Exercise =>
Return the following from the records below: each line, word for word, starting with the line that contains "using Suc by (simp add: mult.assoc)" and going on through the line that contains "define D where", with nothing outside that range.

Source information =>

lemma nn_integral_PiM_scaled_le:
  fixes c :: ennreal
  assumes sf_P: "\<And>i. sigma_finite_measure (P i)" and sf_M: "\<And>i. sigma_finite_measure (M i)"
    and sets: "\<And>i. sets (P i) = sets (M i)"
    and le: "\<And>i A. A \<in> sets (M i) \<Longrightarrow> c * emeasure (P i) A \<le> emeasure (M i) A"
    and "finite I" and "u \<in> borel_measurable (PiM I M)"
  shows "c ^ card I * (\<integral>\<^sup>+x. u x \<partial>PiM I P) \<le> (\<integral>\<^sup>+x. u x \<partial>PiM I M)"
  using assms(5,6)
proof (induction I arbitrary: u rule: finite_induct)
  case empty
  then show ?case by (simp add: PiM_empty)
next
  case (insert i I)
  interpret P: product_sigma_finite P using sf_P by (simp add: product_sigma_finite_def)
  interpret M: product_sigma_finite M using sf_M by (simp add: product_sigma_finite_def)
  have sets_PiM: "sets (PiM J P) = sets (PiM J M)" for J
    using sets by (intro sets_PiM_cong) auto
  note u[measurable] = insert.prems
  have u_P: "u \<in> borel_measurable (PiM (insert i I) P)"
    using u by (simp add: measurable_cong_sets[OF sets_PiM refl])
  have "c ^ card (insert i I) * (\<integral>\<^sup>+x. u x \<partial>PiM (insert i I) P)
      = c ^ card I * (\<integral>\<^sup>+x. c * (\<integral>\<^sup>+y. u (x(i := y)) \<partial>P i) \<partial>PiM I P)"
    using insert u_P by (simp add: P.product_nn_integral_insert nn_integral_cmult mult_ac)
  also have "\<dots> \<le> c ^ card I * (\<integral>\<^sup>+x. (\<integral>\<^sup>+y. u (x(i := y)) \<partial>M i) \<partial>PiM I P)"
  proof (intro mult_left_mono nn_integral_mono nn_integral_scaled_le[OF sets le])
    fix x assume "x \<in> space (PiM I P)"
    then have "x \<in> space (PiM I M)"
      using sets_eq_imp_space_eq[OF sets_PiM] by blast
    then show "(\<lambda>y. u (x(i := y))) \<in> borel_measurable (M i)"
      by measurable
  qed auto
  also have "\<dots> \<le> (\<integral>\<^sup>+x. (\<integral>\<^sup>+y. u (x(i := y)) \<partial>M i) \<partial>PiM I M)"
    by (rule insert.IH) measurable
  also have "\<dots> = (\<integral>\<^sup>+x. u x \<partial>PiM (insert i I) M)"
    using insert by (simp add: M.product_nn_integral_insert)
  finally show ?case .
qed

lemma measurable_PiM_reindex:
  assumes "\<sigma> \<in> I \<rightarrow> K"
  shows "(\<lambda>y. \<lambda>i\<in>I. y (\<sigma> i)) \<in> PiM K (\<lambda>_. M) \<rightarrow>\<^sub>M PiM I (\<lambda>_. M)"
  using assms by (intro measurable_restrict measurable_component_singleton) auto

lemma nn_integral_PiM_reindex:
  assumes "prob_space P" and "inj_on \<sigma> I" and \<sigma>: "\<sigma> \<in> I \<rightarrow> K"
    and h: "h \<in> borel_measurable (PiM I (\<lambda>_. P))"
  shows "(\<integral>\<^sup>+y. h (\<lambda>i\<in>I. y (\<sigma> i)) \<partial>PiM K (\<lambda>_. P)) = (\<integral>\<^sup>+x. h x \<partial>PiM I (\<lambda>_. P))"
proof -
  have "distr (PiM K (\<lambda>_. P)) (PiM I (\<lambda>_. P)) (\<lambda>y. \<lambda>i\<in>I. y (\<sigma> i)) = PiM I (\<lambda>_. P)"
    using distr_PiM_reindex[of K "\<lambda>_. P" \<sigma> I] assms by simp
  then show ?thesis
    using nn_integral_distr[OF measurable_PiM_reindex[OF \<sigma>, where M=P]] h by simp
qed

lemma nn_integral_PiM_reindex_square_le:
  fixes f :: "(nat \<Rightarrow> 'a) \<Rightarrow> real" and c :: ennreal
  assumes P: "prob_space P" and M: "sigma_finite_measure M" and sets: "sets P = sets M"
    and le: "\<And>A. A \<in> sets M \<Longrightarrow> c * emeasure P A \<le> emeasure M A"
    and \<sigma>: "\<sigma> \<in> {..<k} \<rightarrow> K" "inj_on \<sigma> {..<k}"
    and f: "memL2 (PiM {..<k} (\<lambda>_. M)) f"
  shows "c ^ k * (\<integral>\<^sup>+y. ennreal ((f (\<lambda>i\<in>{..<k}. y (\<sigma> i)))\<^sup>2) \<partial>PiM K (\<lambda>_. P))
           \<le> ennreal ((L2norm (PiM {..<k} (\<lambda>_. M)) f)\<^sup>2)"
proof -
  have sets_PiM: "sets (PiM {..<k} (\<lambda>_. P)) = sets (PiM {..<k} (\<lambda>_. M))"
    using sets by (intro sets_PiM_cong) auto
  have f_M: "f \<in> borel_measurable (PiM {..<k} (\<lambda>_. M))"
    and f_sq: "integrable (PiM {..<k} (\<lambda>_. M)) (\<lambda>x. (f x)\<^sup>2)"
    using f by (auto simp: memL2_def)
  have f_P[measurable]: "f \<in> borel_measurable (PiM {..<k} (\<lambda>_. P))"
    using f_M by (simp add: measurable_cong_sets[OF sets_PiM refl])
  have f_sq_P: "(\<lambda>x. ennreal ((f x)\<^sup>2)) \<in> borel_measurable (PiM {..<k} (\<lambda>_. P))"
    by measurable
  have "c ^ k * (\<integral>\<^sup>+y. ennreal ((f (\<lambda>i\<in>{..<k}. y (\<sigma> i)))\<^sup>2) \<partial>PiM K (\<lambda>_. P))
      = c ^ card {..<k} * (\<integral>\<^sup>+x. ennreal ((f x)\<^sup>2) \<partial>PiM {..<k} (\<lambda>_. P))"
    by (simp add: nn_integral_PiM_reindex[OF P \<sigma>(2,1) f_sq_P])
  also have "\<dots> \<le> (\<integral>\<^sup>+x. ennreal ((f x)\<^sup>2) \<partial>PiM {..<k} (\<lambda>_. M))"
    using P M sets le by (intro nn_integral_PiM_scaled_le) (auto simp: prob_space_imp_sigma_finite)
  also have "\<dots> = ennreal (\<integral>x. (f x)\<^sup>2 \<partial>PiM {..<k} (\<lambda>_. M))"
    using f_sq by (rule nn_integral_eq_integral) auto
  also have "\<dots> = ennreal ((L2norm (PiM {..<k} (\<lambda>_. M)) f)\<^sup>2)"
    by (simp add: L2norm_def integral_nonneg)
  finally show ?thesis .
qed

lemma L2norm_nonneg: "0 \<le> L2norm M f"
  by (simp add: L2norm_def integral_nonneg)
section \<open>The DLR equations for the limit\<close>

lemma shifted_mu0_site_minus_gamma_kernel_tendsto_0:
  fixes \<phi> :: "(nat \<Rightarrow> 'e::finite) \<Rightarrow> real"
  assumes hg: "half_line_gibbs \<phi> \<nu>" and \<phi>: "continuous_map Xp_top euclideanreal \<phi>"
    and ext: "extensible \<phi>" and J: "finite J" "j \<notin> J"
  shows "(\<lambda>i. (\<integral>w. indicator {x. \<forall>t\<in>J. x t \<in> V t} w * indicator {w. w j = \<sigma>} w
              \<partial>distr (mu0 \<nu>) Xz (shiftz ^^ i))
          - (\<integral>w. indicator {x. \<forall>t\<in>J. x t \<in> V t} w * gamma_kernel \<phi> j \<sigma> w
              \<partial>distr (mu0 \<nu>) Xz (shiftz ^^ i))) \<longlonglongrightarrow> 0"
proof (rule LIMSEQ_I)
  fix e :: real assume "e > 0"
  let ?A = "{x. \<forall>t\<in>J. x t \<in> V t}"
  let ?\<mu> = "\<lambda>i. distr (mu0 \<nu>) Xz (shiftz ^^ i)"
  note \<nu> = half_line_gibbsD[OF hg]
  have "\<forall>\<^sub>F i in sequentially. \<forall>t\<in>insert j J. t + int i \<ge> 0"
  proof (rule eventually_ball_finite, use J(1) in simp, rule ballI)
    fix t show "\<forall>\<^sub>F i in sequentially. t + int i \<ge> 0"
      by (rule eventually_sequentiallyI[of "nat (- t)"]) auto
  qed
  moreover have "\<forall>\<^sub>F i in sequentially. \<forall>w. \<bar>gamma_approx \<phi> j \<sigma> i w - gamma_kernel \<phi> j \<sigma> w\<bar> < e / 2"
    using uniform_limitD[OF uniform_limit_gamma_approx[OF ext], of "e / 2"] \<open>e > 0\<close>
    by (simp add: dist_real_def)
  ultimately show "\<exists>N. \<forall>i\<ge>N. norm ((\<integral>w. indicator ?A w * indicator {w. w j = \<sigma>} w \<partial>?\<mu> i)
      - (\<integral>w. indicator ?A w * gamma_kernel \<phi> j \<sigma> w \<partial>?\<mu> i) - 0) < e"
    unfolding eventually_sequentially[symmetric]
  proof eventually_elim
    case (elim i)
    interpret prob_space "?\<mu> i" by (rule prob_space_distr_shiftz_pow[OF prob_space_mu0[OF \<nu>] sets_mu0])
    have "integrable (?\<mu> i) (\<lambda>w. indicator ?A w * gamma_approx \<phi> j \<sigma> i w)"
    proof (rule integrable_continuous_map_Xz[OF finite_measure_axioms, where B = 1])
      show "\<bar>indicator ?A w * gamma_approx \<phi> j \<sigma> i w\<bar> \<le> 1" for w
        by (rule abs_mult_le_if_le_1)
          (simp_all add: indicator_def gamma_approx_le_1 less_imp_le[OF gamma_approx_pos])
    qed (simp_all add: continuous_map_real_mult continuous_map_indicator_cylinder_Xz J(1)
        continuous_map_gamma_approx \<phi>)
    moreover have "integrable (?\<mu> i) (\<lambda>w. indicator ?A w * gamma_kernel \<phi> j \<sigma> w)"
    proof (rule integrable_continuous_map_Xz[OF finite_measure_axioms, where B = 1])
      show "\<bar>indicator ?A w * gamma_kernel \<phi> j \<sigma> w\<bar> \<le> 1" for w
        by (rule abs_mult_le_if_le_1)
          (simp_all add: indicator_def gamma_kernel_le_1[OF ext] less_imp_le[OF gamma_kernel_pos[OF ext]])
    qed (simp_all add: continuous_map_real_mult continuous_map_indicator_cylinder_Xz J(1)
        continuous_map_gamma_kernel \<phi> ext)
    moreover have "\<bar>indicator ?A w * gamma_approx \<phi> j \<sigma> i w - indicator ?A w * gamma_kernel \<phi> j \<sigma> w\<bar>
        \<le> e / 2" for w
      using elim(2) \<open>e > 0\<close> by (auto simp: indicator_def less_imp_le)
    ultimately have "\<bar>(\<integral>w. indicator ?A w * gamma_approx \<phi> j \<sigma> i w \<partial>?\<mu> i)
        - (\<integral>w. indicator ?A w * gamma_kernel \<phi> j \<sigma> w \<partial>?\<mu> i)\<bar> \<le> e / 2"
      by (rule abs_integral_diff_le)
    moreover have "(\<integral>w. indicator ?A w * indicator {w. w j = \<sigma>} w \<partial>?\<mu> i)
        = (\<integral>w. indicator ?A w * gamma_approx \<phi> j \<sigma> i w \<partial>?\<mu> i)"
      using elim(1) by (intro integral_distr_shiftz_pow_mu0_site[OF hg \<phi> J]) auto
    ultimately show ?case using \<open>e > 0\<close> by simp
  qed
qed
lemma sum_quadratic_forms_recip_mat:
  fixes Sig :: "real mat"
  assumes m: "m > 0" and N0: "N > 0" and T: "T > 0"
    and y: "\<And>t. t < T \<Longrightarrow> y t \<in> carrier_vec (m*N)"
    and circ: "block_circulant m N S Sig" and sym: "transpose_mat Sig = Sig"
    and S: "\<And>k. k \<le> n \<Longrightarrow> S k = sample_cov m N T y k"
  shows "(\<Sum>t<T. y t \<bullet> (recip_mat m N n M *\<^sub>v y t)) = real T * mat_trace (recip_mat m N n M * Sig)"
proof -
  define A where "A = recip_mat m N n M"
  define F where "F = block_of m A"
  have A: "A \<in> carrier_mat (m*N) (m*N)" unfolding A_def recip_mat_def by simp
  have A_circ: "block_circulant m N F A"
    unfolding F_def A_def by (rule block_circulant_recip_mat[OF m])
  have F: "F k $$ (a,b) = A $$ (k*m + a, b)" if "a < m" "b < m" for k a b
    using that by (simp add: F_def block_of_def)
  have "(\<Sum>t<T. y t \<bullet> (A *\<^sub>v y t)) = (\<Sum>r<m*N. \<Sum>c<m*N. A$$(r,c) * (\<Sum>t<T. y t $ r * y t $ c))"
    by (rule sum_quadratic_forms[OF A y])
  also have "\<dots> = (\<Sum>k<N. \<Sum>a<m. \<Sum>b<m. F k $$ (a,b) *
      (\<Sum>j<N. \<Sum>t<T. y t $ (((j + k) mod N)*m + a) * y t $ (j*m + b)))"
    by (rule block_circulant_pairing[OF A_circ])
  also have "\<dots> = (\<Sum>k<N. \<Sum>a<m. \<Sum>b<m. real T * (F k $$ (a,b) * (real N * S k $$ (a,b))))"
  proof (intro sum.cong refl)
    fix k a b assume "k \<in> {..<N}" "a \<in> {..<m}" "b \<in> {..<m}"
    then have kab: "k < N" "a < m" "b < m" by auto
    show "F k $$ (a,b) * (\<Sum>j<N. \<Sum>t<T. y t $ (((j + k) mod N)*m + a) * y t $ (j*m + b))
        = real T * (F k $$ (a,b) * (real N * S k $$ (a,b)))"
    proof (cases "F k $$ (a,b) = 0")
      case False
      then have "sample_cov m N T y k $$ (a,b) = S k $$ (a,b)"
        using sample_cov_eq_on_support[OF circ sym S kab] F[OF kab(2,3)] unfolding A_def by simp
      then show ?thesis using sample_cov_eq_sum[OF N0 T kab(2,3)] by simp
    qed simp
  qed
  also have "\<dots> = real T * (\<Sum>k<N. \<Sum>a<m. \<Sum>b<m. F k $$ (a,b) *
      (\<Sum>j<N. Sig$$(((j + k) mod N)*m + a, j*m + b)))"
    using block_circulant_diagonal_sum[OF circ] by (simp add: sum_distrib_left)
  also have "\<dots> = real T * (\<Sum>r<m*N. \<Sum>c<m*N. A$$(r,c) * Sig$$(r,c))"
    by (simp only: block_circulant_pairing[OF A_circ])
  also have "\<dots> = real T * mat_trace (A * Sig)"
    using mat_trace_mult_symmetric[OF A _ sym] circ unfolding block_circulant_def by simp
  finally show ?thesis unfolding A_def .
qed

lemma likelihood_eq:
  assumes "(\<Sum>t<T. y t \<bullet> (recip_mat m N n M *\<^sub>v y t)) = real T * \<tau>"
  shows "likelihood m N n T y M =
     ((2 * pi) powr (- real (m*N) / 2) * sqrt (det (recip_mat m N n M) * exp (- \<tau>))) ^ T"
proof -
  define A where "A = recip_mat m N n M"
  define c where "c = (2 * pi) powr (- real (m*N) / 2)"
  have "likelihood m N n T y M = (\<Prod>t<T. (c * sqrt (det A)) * exp (- (1/2) * (y t \<bullet> (A *\<^sub>v y t))))"
    unfolding likelihood_def gauss_density_def A_def c_def by simp
  also have "\<dots> = (c * sqrt (det A)) ^ T * exp (- (1/2) * (\<Sum>t<T. y t \<bullet> (A *\<^sub>v y t)))"
    by (simp add: prod.distrib exp_sum sum_distrib_left)
  also have "exp (- (1/2) * (\<Sum>t<T. y t \<bullet> (A *\<^sub>v y t))) = exp (- \<tau> / 2) ^ T"
    using assms unfolding A_def by (simp add: exp_of_nat_mult[symmetric])
  also have "exp (- \<tau> / 2) = sqrt (exp (- \<tau>))"
    by (rule real_sqrt_unique[symmetric]) (auto simp: power2_eq_square exp_add[symmetric])
  finally show ?thesis
    unfolding A_def c_def by (simp add: power_mult_distrib real_sqrt_mult mult_ac)
qed

lemma power_mult_sqrt_le_iff:
  fixes c x y :: real
  assumes "c > 0" "T > 0" "x \<ge> 0" "y \<ge> 0"
  shows "(c * sqrt x) ^ T \<le> (c * sqrt y) ^ T \<longleftrightarrow> x \<le> y"
  using assms power_mono_iff[of "c * sqrt x" "c * sqrt y" T] by simp
lemma armijo_backtracking_step_ge:
  fixes f :: "'a::euclidean_space \<Rightarrow> real"
  assumes "convex \<Omega>"
    and "\<forall>y\<in>\<Omega>. (f has_derivative (\<lambda>h. grad y \<bullet> h)) (at y)"
    and "\<forall>y\<in>\<Omega>. \<forall>w\<in>\<Omega>. norm (grad y - grad w) \<le> L * norm (y - w)"
    and "x \<in> \<Omega>" "z \<in> \<Omega>" "0 < \<beta>" "0 < L" "\<eta> \<le> 1"
    and "0 < \<alpha>" "\<alpha> \<le> 1" "0 < \<theta>" "\<theta> \<le> 1"
    and "0 \<le> delta_pfun grad \<beta> x z"
    and rejected: "\<forall>j<i. \<not> armijo f grad \<eta> x (z - x) (\<theta> ^ j * \<alpha>)"
  shows "min \<alpha> (\<theta> * (1 - \<eta>) / (L * \<beta>)) \<le> \<theta> ^ i * \<alpha>"
proof (cases i)
  case (Suc j)
  have "0 < \<theta> ^ j * \<alpha>" "\<theta> ^ j * \<alpha> \<le> 1"
    using assms(9-12) by (auto intro!: mult_le_one power_le_one)
  then have "(1 - \<eta>) / (L * \<beta>) < \<theta> ^ j * \<alpha>"
    using armijo_rejected_step_gt[OF assms(1-8) _ _ assms(13)] rejected Suc by blast
  then have "\<theta> * ((1 - \<eta>) / (L * \<beta>)) \<le> \<theta> * (\<theta> ^ j * \<alpha>)"
    using \<open>0 < \<theta>\<close> by (intro mult_left_mono) auto
  then show ?thesis
    using Suc by (simp add: mult.assoc)
qed simp

lemma armijo_sufficient_decrease:
  assumes "armijo f grad \<eta> x (z - x) s" "0 \<le> c" "c \<le> s" "0 \<le> \<eta>" "0 < \<beta>"
    and "0 \<le> delta_pfun grad \<beta> x z"
  shows "\<eta> * c / \<beta> * delta_pfun grad \<beta> x z \<le> f x - f (x + s *\<^sub>R (z - x))"
proof -
  define D where "D = delta_pfun grad \<beta> x z / \<beta>"
  have "0 \<le> D" unfolding D_def using assms(5,6) by simp
  have "\<eta> * c * D \<le> \<eta> * s * D"
    using assms(3,4) \<open>0 \<le> D\<close> by (intro mult_right_mono mult_left_mono) auto
  also have "\<eta> * s * D \<le> \<eta> * s * - (grad x \<bullet> (z - x))"
    using inner_grad_le_neg_delta_pfun[OF assms(5), of grad x z] assms(2-4)
    unfolding D_def by (intro mult_left_mono) auto
  also have "\<dots> \<le> f x - f (x + s *\<^sub>R (z - x))"
    using assms(1) unfolding armijo_def by simp
  finally show ?thesis unfolding D_def by simp
qed

lemma IGPM_nols_iterates_mem:
  assumes "IGPM_nols \<Omega> grad L \<beta> \<gamma> \<omega> x z u"
  shows "x k \<in> \<Omega>"
  using assms by (cases k) (auto simp: IGPM_nols_def inexact_proj_def)

lemma IGPM_nols_decrease:
  fixes f :: "'a::euclidean_space \<Rightarrow> real"
  assumes "convex \<Omega>"
    and "\<forall>y\<in>\<Omega>. (f has_derivative (\<lambda>h. grad y \<bullet> h)) (at y)"
    and "\<forall>y\<in>\<Omega>. \<forall>w\<in>\<Omega>. norm (grad y - grad w) \<le> L * norm (y - w)"
    and "0 < L" and igpm: "IGPM_nols \<Omega> grad L \<beta> \<gamma> \<omega> x z u"
  shows "delta_pfun grad \<beta> (x k) (z k) / \<beta> \<le> f (x k) - f (x (Suc k))"
  using sufficient_decrease_full_step[OF assms(1-3) IGPM_nols_iterates_mem[OF igpm]] igpm assms(4)
  unfolding IGPM_nols_def inexact_proj_def by auto

lemma IGPM_ls_iterates_mem:
  assumes "convex \<Omega>" and igpm: "IGPM_ls f \<Omega> grad \<eta> \<alpha> \<beta> \<theta> \<gamma> \<omega> x z u step"
  shows "x k \<in> \<Omega>"
proof (induction k)
  case 0
  then show ?case using igpm unfolding IGPM_ls_def by simp
next
  case (Suc k)
  obtain i where "step k = \<theta> ^ i * \<alpha>" and next_iterate: "x (Suc k) = x k + step k *\<^sub>R (z k - x k)"
    and "0 < \<alpha>" "\<alpha> \<le> 1" "0 < \<theta>" "\<theta> < 1" and "z k \<in> \<Omega>"
    using igpm unfolding IGPM_ls_def inexact_proj_def by blast
  then have "0 \<le> step k" "step k \<le> 1"
    by (auto intro!: mult_le_one power_le_one)
  then show ?case
    unfolding next_iterate using convex_segment_mem assms(1) Suc.IH \<open>z k \<in> \<Omega>\<close> by blast
qed

lemma IGPM_ls_decrease:
  fixes f :: "'a::euclidean_space \<Rightarrow> real"
  assumes "convex \<Omega>"
    and "\<forall>y\<in>\<Omega>. (f has_derivative (\<lambda>h. grad y \<bullet> h)) (at y)"
    and "\<forall>y\<in>\<Omega>. \<forall>w\<in>\<Omega>. norm (grad y - grad w) \<le> L * norm (y - w)"
    and "0 < L" and igpm: "IGPM_ls f \<Omega> grad \<eta> \<alpha> \<beta> \<theta> \<gamma> \<omega> x z u step"
  shows "\<eta> * min \<alpha> (\<theta> * (1 - \<eta>) / (L * \<beta>)) / \<beta> * delta_pfun grad \<beta> (x k) (z k)
    \<le> f (x k) - f (x (Suc k))"
proof -
  obtain i where step: "step k = \<theta> ^ i * \<alpha>"
    and accepted: "armijo f grad \<eta> (x k) (z k - x k) (\<theta> ^ i * \<alpha>)"
    and rejected: "\<forall>j<i. \<not> armijo f grad \<eta> (x k) (z k - x k) (\<theta> ^ j * \<alpha>)"
    and next_iterate: "x (Suc k) = x k + step k *\<^sub>R (z k - x k)"
    using igpm unfolding IGPM_ls_def by blast
  have par: "0 < \<eta>" "\<eta> < 1" "0 < \<alpha>" "\<alpha> \<le> 1" "0 < \<beta>" "0 < \<theta>" "\<theta> < 1"
    and "z k \<in> \<Omega>" and "0 \<le> delta_pfun grad \<beta> (x k) (z k)"
    using igpm unfolding IGPM_ls_def inexact_proj_def delta_pfun_def by auto
  moreover have "min \<alpha> (\<theta> * (1 - \<eta>) / (L * \<beta>)) \<le> \<theta> ^ i * \<alpha>"
    using calculation by (intro armijo_backtracking_step_ge[OF assms(1-3) IGPM_ls_iterates_mem[OF assms(1) igpm]
          _ _ assms(4) _ _ _ _ _ _ rejected]) auto
  ultimately show ?thesis
    unfolding next_iterate step using assms(4) by (intro armijo_sufficient_decrease[OF accepted]) auto
qed

lemma summable_if_decrease_bounded_below:
  fixes a b :: "nat \<Rightarrow> real"
  assumes "\<And>k. 0 \<le> a k" "\<And>k. a k \<le> b k - b (Suc k)" "\<And>k. lo \<le> b k"
  shows "summable a"
proof (rule summableI_nonneg_bounded)
  show "(\<Sum>k<n. a k) \<le> b 0 - lo" for n
  proof -
    have "(\<Sum>k<n. a k) \<le> (\<Sum>k<n. b k - b (Suc k))" by (intro sum_mono assms(2))
    also have "\<dots> = b 0 - b n" by (rule sum_lessThan_telescope')
    finally show ?thesis using assms(3)[of n] by simp
  qed
qed (use assms(1) in simp)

Task output =>
    using Suc by (simp add: mult.assoc)
qed simp

lemma armijo_sufficient_decrease:
  assumes "armijo f grad \<eta> x (z - x) s" "0 \<le> c" "c \<le> s" "0 \<le> \<eta>" "0 < \<beta>"
    and "0 \<le> delta_pfun grad \<beta> x z"
  shows "\<eta> * c / \<beta> * delta_pfun grad \<beta> x z \<le> f x - f (x + s *\<^sub>R (z - x))"
proof -
  define D where "D = delta_pfun grad \<beta> x z / \<beta>"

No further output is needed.